## What you will do
The word "False" may appear in some lines of the data; copy every such line.

Start of Provided data

(*
  The split step is stable: T1(tau) and T2(tau) are shears of contractions by operators of
  norm at most tau ||B1|| and tau ||B2||, so ||T(t/n)^n|| <= exp (t (||B1|| + ||B2||)).
  It is consistent on the generator domain: for z there, U(tau) z - z and T(tau) z - z are
  integrals over [0, tau] of the orbits of gen U z under U and under the decoupled semigroup
  diag (E1, E2), up to a coupling remainder of order tau^2, so the local error is o(tau),
  uniformly along a compact piece of the orbit of z. Telescoping (Lady Windermere's fan) turns
  stability and consistency into convergence on the domain, uniformly for bounded times, and
  density of the domain together with stability extends it to all initial values.
*)

lemma uniform_boundedness_principle:
  fixes F :: "nat \<Rightarrow> 'a::banach \<Rightarrow> 'b::real_normed_vector"
  assumes lin: "\<And>n. bounded_linear (F n)"
    and pointwise: "\<And>x. \<exists>B. \<forall>n. norm (F n x) \<le> B"
  shows "\<exists>M. \<forall>n. onorm (F n) \<le> M"
proof -
  define G where "G k = {x. \<forall>n. norm (F n x) \<le> real k}" for k :: nat
  have closed_G: "closed (G k)" for k
  proof -
    have "G k = (\<Inter>n. {x. norm (F n x) \<le> real k})" by (auto simp: G_def)
    moreover have "closed {x. norm (F n x) \<le> real k}" for n
      by (intro closed_Collect_le continuous_on_norm linear_continuous_on lin continuous_on_const)
    ultimately show ?thesis by auto
  qed
  have cover: "(\<Union>k. G k) = UNIV"
  proof (intro equalityI subsetI)
    fix x
    obtain B where B: "\<forall>n. norm (F n x) \<le> B" using pointwise by blast
    have "norm (F n x) \<le> real (nat \<lceil>B\<rceil>)" for n
      using B[rule_format, of n] real_nat_ceiling_ge[of B] by linarith
    then have "x \<in> G (nat \<lceil>B\<rceil>)" by (simp add: G_def)
    then show "x \<in> (\<Union>k. G k)" by blast
  qed simp
  have "\<exists>k. interior (G k) \<noteq> {}"
  proof (rule ccontr)
    assume "\<not> ?thesis"
    then have "euclidean interior_of \<Union>(range G) = {}"
      by (intro Baire_category_alt) (auto simp: completely_metrizable_space_euclidean
          euclidean_interior_of closed_G closed_closedin[symmetric])
    then show False using cover by (simp add: euclidean_interior_of)
  qed
  then obtain k x0 where "x0 \<in> interior (G k)" by blast
  then obtain r where r: "r > 0" "ball x0 r \<subseteq> G k"
    by (meson open_contains_ball_eq open_interior interior_subset order_trans)
  have small: "norm (F n y) \<le> 2 * real k" if "norm y < r" for n y
  proof -
    have "x0 + y \<in> G k" "x0 \<in> G k" using r that by (auto simp: dist_norm)
    then have "norm (F n (x0 + y)) \<le> real k" "norm (F n x0) \<le> real k" by (auto simp: G_def)
    moreover have "F n y = F n (x0 + y) - F n x0"
      by (simp add: linear_add[OF bounded_linear.linear[OF lin]])
    then have "norm (F n y) \<le> norm (F n (x0 + y)) + norm (F n x0)"
      by (metis norm_triangle_ineq4)
    ultimately show ?thesis by linarith
  qed
  have "onorm (F n) \<le> 4 * real k / r" for n
  proof (rule onorm_bound)
    show "0 \<le> 4 * real k / r" using r by simp
  next
    fix y
    show "norm (F n y) \<le> 4 * real k / r * norm y"
    proof (cases "y = 0")
      case True then show ?thesis using linear_0[OF bounded_linear.linear[OF lin]] by simp
    next
      case False
      define c where "c = r / (2 * norm y)"
      have c: "c > 0" "norm (c *\<^sub>R y) < r" using False r by (simp_all add: c_def)
      have "c * norm (F n y) = norm (F n (c *\<^sub>R y))"
        using c by (simp add: linear_scale[OF bounded_linear.linear[OF lin]])
      also have "\<dots> \<le> 2 * real k" using c by (intro small)
      finally have "norm (F n y) \<le> 2 * real k / c" using c by (simp add: field_simps)
      also have "2 * real k / c = 4 * real k / r * norm y" using False r by (simp add: c_def field_simps)
      finally show ?thesis .
    qed
  qed
  then show ?thesis by blast
qed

End of Provided data

## Answer space
    then show False using cover by (simp add: euclidean_interior_of)
      case False
      have c: "c > 0" "norm (c *\<^sub>R y) < r" using False r by (simp_all add: c_def)
      also have "2 * real k / c = 4 * real k / r * norm y" using False r by (simp add: c_def field_simps)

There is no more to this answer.